A loja do chinês do meu bairro já pertenceu a vários donos — tanto quanto me lembro, os primeiros foram o casal Zhu e Jy —, e, de há uns bons anos para cá, está à frente do negócio um outro casal, de quem desconheço os nomes, porque não os oiço conversar. Ele percebe e fala um Português cheio de LL, mas corrente. (Fico sempre a pensar o que será da vida de um chinês que não consegue dizer os LL, como Feuisberto Uorenço Uauande. Em vez de “Não estlague”, se calhar diz “não estuague”.) Já ela, é uma verdadeira desgraça, tanto a entender como a falar. Mas ri muito, com os olhos em linha, o seu carrapito e o metro e meio de altura, acha divertido tudo o que eu digo. Há-de ser porque não entende. Encontra-me na rua, eu digo “Bom dia” e é vê-la toda grisada.
Vou lá muito, à loja deles. Têm sempre mil merdinhas que, se não fazem falta, passam imediatamente a fazer. Outro dia, andava eu a deambular pelo espaço comercial asiático quando me deparei com os sutiãs da minha vida: sem aros, sem copas, sem elásticos, sem costuras. Vi os tamanhos e, dos que havia, só me servia o preto. Vai de preto nas meninas, que bem precisam de ser bem tratadas.

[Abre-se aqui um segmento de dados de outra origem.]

lemma adjoint_penrose_inverse_adjoint:
  fixes J :: "'a::euclidean_space \<Rightarrow> 'b::euclidean_space"
  assumes "linear J" "penrose_inverse (adjoint J) Q"
  shows "J (adjoint J (Q w)) = J w"
proof -
  let ?T = "adjoint J"
  have linTQ: "linear (?T \<circ> Q)"
    using assms adjoint_linear linear_compose unfolding penrose_inverse_def by blast
  have "(J (?T (Q w)) - J w) \<bullet> y = 0" for y
  proof -
    have "?T (Q w) \<bullet> ?T y = w \<bullet> adjoint (?T \<circ> Q) (?T y)"
      using adjoint_clauses(1)[OF linTQ, of w "?T y"] by (simp add: inner_commute)
    also have "\<dots> = w \<bullet> ?T y"
      using assms(2) unfolding penrose_inverse_def by (metis comp_apply)
    finally show ?thesis by (simp add: adjoint_clauses[OF assms(1)] inner_diff_left)
  qed
  then show ?thesis by (metis inner_eq_zero_iff right_minus_eq)
qed
(* Let $T>0$, $\alpha\in(0,1)$, and let $H$ be a Hilbert space with inner product $(\cdot,\cdot)_H$. Suppose one of the following holds: (i) $f_1\in C([0,T];H)$, the Riemann–Liouville fractional derivative of $f_1$ of order $\alpha$ exists at $t\in(0,T]$, and $f_2\in H^\beta([0,T];H)$ with $0<\alpha<\beta<1$; (ii) $f_1\in H^\beta([0,T];H)$ and $f_2\in H^\delta([0,T];H)$ for some $0<\beta<1$, $0<\delta<1$ with $0<\alpha<\beta+\delta$, and the Riemann–Liouville fractional derivatives of order $\alpha$ of both $f_1$ and $f_2$ exist at $t\in(0,T]$. Then at each such $t\in(0,T]$, $$D_t^\alpha\big(f_1(t),f_2(t)\big)_H=\big(D_t^\alpha f_1(t),f_2(t)\big)_H+\big(f_1(t),D_t^\alpha f_2(t)\big)_H-\frac{\alpha}{\Gamma(1-\alpha)}\int_0^t\frac{\big(f_1(s)-f_1(t),f_2(s)-f_2(t)\big)_H}{(t-s)^{\alpha+1}}\,ds-\frac{\big(f_1(t),f_2(t)\big)_H}{\Gamma(1-\alpha)t^\alpha}.$$
   Context: $J_t^{1-\alpha}g(t)=\frac{1}{\Gamma(1-\alpha)}\int_0^t(t-s)^{-\alpha}g(s)\,ds$; the Riemann–Liouville derivative of order $\alpha$ at $t$ is $D_t^\alpha g(t)=\frac{d}{dt}J_t^{1-\alpha}g(t)$, and it "exists at $t$" when this derivative exists at $t$. For $0<\gamma<1$, $H^\gamma([0,T];H)$ is the set of $g\in C([0,T];H)$ for which there is $M>0$ with $\|g(t)-g(s)\|_H\le M|t-s|^\gamma$ for all $t,s\in[0,T]$. *)

theory Defs
  imports "HOL-Analysis.Analysis"
begin
lemma alg_block_is_net_iff:
  fixes C :: "nat \<Rightarrow> nat \<Rightarrow> nat \<Rightarrow> 'a::{field,finite}"
  assumes adm: "admissible_bij s psi lam" and fr: "finite_row s C" and "t \<le> m"
    and N: "finite N" "card N = CARD('a) ^ m"
    and block: "digit_block m N (\<lambda>n. qdigit CARD('a) (z n))"
  shows "is_net CARD('a) t m s (\<lambda>n. trunc_pt CARD('a) m (alg_digit psi C lam (z n))) N
    \<longleftrightarrow> generates_net s C m t"
proof -
  let ?q = "CARD('a)"
  define g where "g n = qdigit ?q (z n)" for n
  define v where "v n i j = (\<Sum>r\<in>{r. C i j r \<noteq> 0}. C i j r * psi r (g n r))" for n i j
  have alg: "alg_digit psi C lam (z n) = (\<lambda>i j. lam i j (v n i j))" for n
    by (simp add: alg_digit_def v_def g_def fun_eq_iff)
  have lam: "\<forall>i\<in>{1..s}. \<forall>j\<ge>1. bij_betw (lam i j) UNIV {..<?q}"
    using adm unfolding admissible_bij_def by simp
  then have dig: "\<forall>n\<in>N. \<forall>i\<in>{1..s}. \<forall>j\<in>{1..m}. lam i j (v n i j) < ?q"
    using bij_betw_apply[OF _ UNIV_I] by fastforce
  have "\<forall>n r. g n r < ?q"
    by (simp add: g_def qdigit_def nat_less_iff)
  moreover have g_block: "digit_block m N g"
    using block by (simp add: g_def[abs_def])
  ultimately have y: "bij_betw (\<lambda>n. restrict (\<lambda>r. psi r (g n r)) {..<m}) N (PiE {..<m} (\<lambda>_. UNIV))"
    using adm N(2) by (intro digit_block_bij) (simp_all add: admissible_bij_def)
  have "N \<noteq> {}"
    using N by auto
  then obtain n0 where n0: "n0 \<in> N"
    by blast
  define b where "b i j = (\<Sum>r\<in>{r. C i j r \<noteq> 0} - {..<m}. C i j r * psi r (g n0 r))" for i j
  have v: "v n i j = row_form C m i j (restrict (\<lambda>r. psi r (g n r)) {..<m}) + b i j"
    if "n \<in> N" "i \<in> {1..s}" "j \<ge> 1" for n i j
    unfolding v_def b_def by (rule digit_block_row_form_decomp[OF fr g_block that(1) n0 that(2,3)])
  have "is_net ?q t m s (\<lambda>n. trunc_pt ?q m (alg_digit psi C lam (z n))) N \<longleftrightarrow>
      (\<forall>d. (\<Sum>i=1..s. d i) = m - t \<longrightarrow> (\<forall>\<delta>. (\<forall>i\<in>{1..s}. \<forall>j\<in>{1..d i}. \<delta> i j < ?q) \<longrightarrow>
         card (prefix_fibre s d N (\<lambda>n i j. lam i j (v n i j)) \<delta>) = ?q ^ t))"
    unfolding alg by (rule is_net_trunc_pt_iff) (use assms(3-5) dig in simp_all)
  also have "\<dots> \<longleftrightarrow> (\<forall>d. (\<Sum>i=1..s. d i) = m - t \<longrightarrow> (\<forall>\<tau>. card (prefix_fibre s d N v \<tau>) = ?q ^ t))"
    by (simp only: card_prefix_fibre_bij_iff[OF lam])
  also have "\<dots> \<longleftrightarrow> generates_net s C m t"
    unfolding generates_net_def
    by (simp only: card_prefix_fibre_affine_iff[where L = "\<lambda>y i j. row_form C m i j y", OF y v])
  finally show ?thesis .
qed
text \<open>Evaluate \<open>\<Delta>(S x\<^sub>1) \<Delta>(x\<^sub>2) (S x\<^sub>3 \<otimes> S x\<^sub>4)\<close>
  once collapsing \<open>\<Delta>(x\<^sub>2) (S x\<^sub>3 \<otimes> S x\<^sub>4)\<close> and once collapsing \<open>\<Delta>(S x\<^sub>1 x\<^sub>2)\<close>.\<close>

lemma sweedler_ant:
  fixes sV :: "'k \<Rightarrow> 'v::ab_group_add \<Rightarrow> 'v"
  assumes vV: "vector_space sV" and F: "bilin_map sc sV F"
  shows "sweedler F (ant x) = sweedler (\<lambda>a b. F (ant a) (ant b)) x"
proof -
  note intros = conjI allI lin_map_intros lin_map_scale_right[OF vV]
    bilin_map_compose_left[OF F] bilin_map_compose_right[OF F]
    lin_map_sweedler_param[OF vV] lin_map_sweedler_compose[OF vV]
  define G where "G u v p q = sweedler (\<lambda>p1 p2. sweedler (\<lambda>q1 q2. F (u * (p1 * ant q1)) (v * (p2 * ant q2))) q) p"
    for u v p q
  define E where "E = sweedler (\<lambda>a b. sweedler (\<lambda>u v. sweedler (G u v) b) (ant a)) x"
  have "E = sweedler (\<lambda>a b. sV (eps b) (sweedler F (ant a))) x"
    unfolding E_def G_def sweedler_antipode_right_collapse[OF vV F]
    by (simp add: lin_map_sweedler_apply[OF lin_map_scale_right[OF vV lin_map_id]])
  then have E_ant: "E = sweedler F (ant x)"
    using sweedler_counit_right[of sV "\<lambda>a. sweedler F (ant a)"] by (simp add: intros F vV)
  have "E = sweedler (\<lambda>a b. sweedler (\<lambda>p q. sweedler (\<lambda>u v. G u v p q) (ant a)) b) x"
    unfolding E_def by (subst sweedler_exchange) (rule refl)
  also have "\<dots> = sweedler (\<lambda>a b. sweedler (\<lambda>a1 a2. sweedler (\<lambda>u v. G u v a2 b) (ant a1)) a) x"
    by (rule sweedler_coassoc[OF vV, where \<tau> = "\<lambda>a p q. sweedler (\<lambda>u v. G u v p q) (ant a)", symmetric])
      (unfold trilin_map_def G_def, intro intros)
  also have "\<dots> = sweedler (\<lambda>a b. F (ant a) (ant b)) x"
    unfolding G_def sweedler_antipode_left_collapse[OF vV F]
    by (rule sweedler_counit_left) (intro intros)
  finally show ?thesis
    using E_ant by simp
qed
(* Let $A\in\mathbb{R}^{m\times n}$, $b\in\mathbb{R}^m$, let $L\in\mathbb{R}^{s\times n}$ have full column rank, and let $W_1,\dots,W_M\in\mathbb{R}^{m\times\ell}$ satisfy $\sum_{i=1}^M W_iW_i^\top = I_m$. Let $\tau(1),\tau(2),\dots$ be independent random variables, each uniformly distributed on $\{1,\dots,M\}$ (sampling with replacement). Write $A_{\tau(k)}=W_{\tau(k)}^\top A$, $b_{\tau(k)}=W_{\tau(k)}^\top b$. (i) Let $\lambda>0$, $y_0\in\mathbb{R}^n$ arbitrary, and define $$y_k = y_{k-1} - B_kA_{\tau(k)}^\top(A_{\tau(k)}y_{k-1}-b_{\tau(k)}),\qquad B_k=\Big(\lambda L^\top L+\sum_{i=1}^kA_{\tau(i)}^\top A_{\tau(i)}\Big)^{-1},\quad k\in\mathbb{N}.$$ If $A$ has full column rank, then $y_k\to x(0)=(A^\top A)^{-1}A^\top b$ almost surely as $k\to\infty$. (ii) Let $\Lambda_1,\Lambda_2,\dots$ be real numbers with $\sum_{i=1}^k\Lambda_i>0$ for all $k$ such that the limit $\lambda=\lim_{k\to\infty}\frac{M}{k}\sum_{i=1}^k\Lambda_i$ exists, is finite and satisfies $\lambda>0$. Let $x_0\in\mathbb{R}^n$ be arbitrary and define $$x_k = x_{k-1}-B_k\big(A_{\tau(k)}^\top(A_{\tau(k)}x_{k-1}-b_{\tau(k)})+\Lambda_kL^\top Lx_{k-1}\big),\qquad B_k=\Big(\sum_{i=1}^k\Lambda_iL^\top L+\sum_{i=1}^kA_{\tau(i)}^\top A_{\tau(i)}\Big)^{-1}.$$ Then $x_k\to x(\lambda)=(A^\top A+\lambda L^\top L)^{-1}A^\top b$ almost surely as $k\to\infty$.
   Context: For $\lambda\ge 0$ (with $\lambda=0$ only when $A$ has full column rank), $x(\lambda)=(A^\top A+\lambda L^\top L)^{-1}A^\top b$ denotes the Tikhonov solution of $\min_x\|Ax-b\|_2^2+\lambda\|Lx\|_2^2$. *)

theory Defs
  imports "HOL-Probability.Probability"
begin

definition blkA :: "(nat \<Rightarrow> real^'l^'m) \<Rightarrow> real^'n^'m \<Rightarrow> nat \<Rightarrow> real^'n^'l" where
  "blkA W A i = transpose (W i) ** A"

definition blkb :: "(nat \<Rightarrow> real^'l^'m) \<Rightarrow> real^'m \<Rightarrow> nat \<Rightarrow> real^'l" where
  "blkb W b i = transpose (W i) *v b"

definition tikhonov :: "real^'n^'m \<Rightarrow> real^'m \<Rightarrow> real^'n^'s \<Rightarrow> real \<Rightarrow> real^'n" where
  "tikhonov A b L lam =
     matrix_inv (transpose A ** A + lam *\<^sub>R (transpose L ** L)) *v (transpose A *v b)"

primrec iter_i :: "real^'n^'m \<Rightarrow> real^'m \<Rightarrow> real^'n^'s \<Rightarrow> (nat \<Rightarrow> real^'l^'m)
      \<Rightarrow> (nat \<Rightarrow> nat) \<Rightarrow> real \<Rightarrow> real^'n \<Rightarrow> nat \<Rightarrow> real^'n" where
  "iter_i A b L W t lam y0 0 = y0"
| "iter_i A b L W t lam y0 (Suc k) =
     (let Bk = matrix_inv (lam *\<^sub>R (transpose L ** L)
                 + (\<Sum>i\<in>{1..Suc k}. transpose (blkA W A (t i)) ** blkA W A (t i)));
          y = iter_i A b L W t lam y0 k
      in y - Bk *v (transpose (blkA W A (t (Suc k)))
                     *v (blkA W A (t (Suc k)) *v y - blkb W b (t (Suc k)))))"

primrec iter_ii :: "real^'n^'m \<Rightarrow> real^'m \<Rightarrow> real^'n^'s \<Rightarrow> (nat \<Rightarrow> real^'l^'m)
      \<Rightarrow> (nat \<Rightarrow> nat) \<Rightarrow> (nat \<Rightarrow> real) \<Rightarrow> real^'n \<Rightarrow> nat \<Rightarrow> real^'n" where
  "iter_ii A b L W t Lam x0 0 = x0"
| "iter_ii A b L W t Lam x0 (Suc k) =
     (let Bk = matrix_inv ((\<Sum>i\<in>{1..Suc k}. Lam i) *\<^sub>R (transpose L ** L)
                 + (\<Sum>i\<in>{1..Suc k}. transpose (blkA W A (t i)) ** blkA W A (t i)));
          x = iter_ii A b L W t Lam x0 k
      in x - Bk *v (transpose (blkA W A (t (Suc k)))
                     *v (blkA W A (t (Suc k)) *v x - blkb W b (t (Suc k)))
                   + Lam (Suc k) *\<^sub>R ((transpose L ** L) *v x)))"

end

theory Submission
  imports Defs
begin

text \<open>
  Each iterate solves its regularized normal equation exactly: with
  G_k = lam L^T L + (sum over i <= k of A_tau(i)^T A_tau(i)) one has
  G_k y_k = lam L^T L y_0 + (sum over i <= k of A_tau(i)^T b_tau(i)), and likewise for x_k with
  Lambda_1 + ... + Lambda_k in place of lam and without the y_0 term.
  After scaling by M/k the block sums are weighted by the empirical frequencies of the sampled
  indices, which tend to 1/M almost surely by Hoeffding's inequality and Borel--Cantelli.
  Since sum_i W_i W_i^T = I, the scaled systems therefore converge to the Tikhonov normal
  equations (A^T A + lam L^T L) x = A^T b (with lam = 0 in part (i)), whose matrix is invertible;
  and solutions of linear systems converging to an invertible one converge to its solution.
\<close>

section \<open>Positive definite Gram matrices\<close>

lemma matrix_inv_right:
  fixes A :: "real^'n^'n"
  assumes "invertible A"
  shows "A ** matrix_inv A = mat 1"
proof -
  have "\<exists>A'. A ** A' = mat 1 \<and> A' ** A = mat 1"
    using assms unfolding invertible_def by blast
  then show ?thesis
    unfolding matrix_inv_def by (rule someI2_ex) blast
qed

lemma invertible_if_pos_def:
  fixes X :: "real^'n^'n"
  assumes "\<And>v. v \<noteq> 0 \<Longrightarrow> v \<bullet> (X *v v) > 0"
  shows "invertible X"
proof -
  have "\<forall>x. X *v x = 0 \<longrightarrow> x = 0"
    using assms by (metis inner_zero_right less_irrefl)
  then show ?thesis
    by (simp add: invertible_left_inverse matrix_left_invertible_ker)
qed
(* Let $\mathbb{G}$ be a linear array, $\mathbb{U}$ the central ULA of its difference coarray, and $\mathbb{F}_r$ ($r\ge1$) the fractal array generated by $\mathbb{G}$. Fix a coupling limit $q\ge0$ and coupling coefficients $c_0=1,c_1,\dots,c_q\in\mathbb{C}$, with $c_k=0$ for $k>q$. Assume $q<\max(\mathbb{G})$ and $q+\max(\mathbb{G})<|\mathbb{U}|$. Then the coupling leakages of $\mathbb{G}$ and $\mathbb{F}_r$ coincide: $\mathcal{L}_{\mathbb{F}_r}=\mathcal{L}_{\mathbb{G}}$.
   Context: A linear array is a finite set $\mathbb{G}\subset\mathbb{Z}$ with $\min\mathbb{G}=0$; its difference coarray is $\mathbb{D}=\{n_1-n_2:n_1,n_2\in\mathbb{G}\}$; its central ULA $\mathbb{U}$ is the largest set $\{-m,\dots,m\}$ contained in $\mathbb{D}$. The fractal array generated by $\mathbb{G}$ (with $M=|\mathbb{U}|$) is $\mathbb{F}_0=\{0\}$, $\mathbb{F}_{r+1}=\bigcup_{n\in\mathbb{G}}(\mathbb{F}_r+nM^r)$ where $A+t=\{a+t:a\in A\}$. For an array $\mathbb{A}=\{a_1<\dots<a_N\}$, its mutual coupling matrix is the $N\times N$ matrix $\mathbf{C}_{\mathbb{A}}$ with entries $(\mathbf{C}_{\mathbb{A}})_{k,l}=c_{|a_k-a_l|}$ (coefficients depend only on sensor separation, $c_0=1$, and $c_d=0$ for $d>q$). Its coupling leakage is $\mathcal{L}_{\mathbb{A}}=\|\mathbf{C}_{\mathbb{A}}-\mathrm{diag}(\mathbf{C}_{\mathbb{A}})\|_F/\|\mathbf{C}_{\mathbb{A}}\|_F$, where $\mathrm{diag}(\mathbf{C})$ zeroes all off-diagonal entries and $\|\cdot\|_F$ is the Frobenius norm. *)

theory Defs
  imports "HOL-Analysis.Analysis"
begin

definition linear_array :: "int set \<Rightarrow> bool" where
  "linear_array G \<longleftrightarrow> finite G \<and> G \<noteq> {} \<and> Min G = 0"

definition diff_coarray :: "int set \<Rightarrow> int set" where
  "diff_coarray G = {n1 - n2 | n1 n2. n1 \<in> G \<and> n2 \<in> G}"

definition central_ula_m :: "int set \<Rightarrow> nat" where
  "central_ula_m G = (GREATEST m::nat. {- int m .. int m} \<subseteq> diff_coarray G)"

definition central_ula :: "int set \<Rightarrow> int set" where
  "central_ula G = {- int (central_ula_m G) .. int (central_ula_m G)}"

fun fractal :: "int set \<Rightarrow> int \<Rightarrow> nat \<Rightarrow> int set" where
  "fractal G M 0 = {0}"
| "fractal G M (Suc r) = (\<Union>n\<in>G. (\<lambda>a. a + n * M ^ r) ` fractal G M r)"

definition fractal_array :: "int set \<Rightarrow> nat \<Rightarrow> int set" where
  "fractal_array G r = fractal G (int (card (central_ula G))) r"

definition coupling_matrix :: "(nat \<Rightarrow> complex) \<Rightarrow> int set \<Rightarrow> nat \<Rightarrow> nat \<Rightarrow> complex" where
  "coupling_matrix c A k l =
     (let xs = sorted_list_of_set A in c (nat \<bar>xs ! k - xs ! l\<bar>))"

definition diag_part :: "(nat \<Rightarrow> nat \<Rightarrow> complex) \<Rightarrow> nat \<Rightarrow> nat \<Rightarrow> complex" where
  "diag_part C k l = (if k = l then C k l else 0)"

definition frob_norm :: "nat \<Rightarrow> (nat \<Rightarrow> nat \<Rightarrow> complex) \<Rightarrow> real" where
  "frob_norm N C = sqrt (\<Sum>k<N. \<Sum>l<N. (cmod (C k l))\<^sup>2)"

definition coupling_leakage :: "(nat \<Rightarrow> complex) \<Rightarrow> int set \<Rightarrow> real" where
  "coupling_leakage c A =
     (let N = card A; C = coupling_matrix c A
      in frob_norm N (\<lambda>k l. C k l - diag_part C k l) / frob_norm N C)"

Gostámos tanto da peça de lingerie, que vai de comprar as duas outras cores básicas: bege e branco. Entro na loja, faço sinal à chinesa que venha comigo e ela hi-hi-hi, lá me acompanha até ao recanto das intimidades. Pergunto pelas cores, ela hi-hi-hi, apercebo-me de que não há o meu tamanho, aproveito para perguntar se dá para tirar as duas almofadas, e ela, como não percebe um boi, apesar de eu ter gesticulado, grita, enquanto simula com as duas mãos dois enormes peitos: “Glande!”. E mais dez hi-hi-his, os ombros encolhidos até lhe desaparecer o pescoço, um toque solidário no meu braço e eu: “Gostaria ao máximo de não ter que discutir sutiãs com o seu marido, mas apercebo-me de que tal é impossível”. O que a doida riu.
Foi só chegar ao balcão, dizer o que queria e, passados dias, já lá, e depois cá cantavam os ditos suportes. O homem não se riu vez nenhuma, mas, em compensação, também não chorou.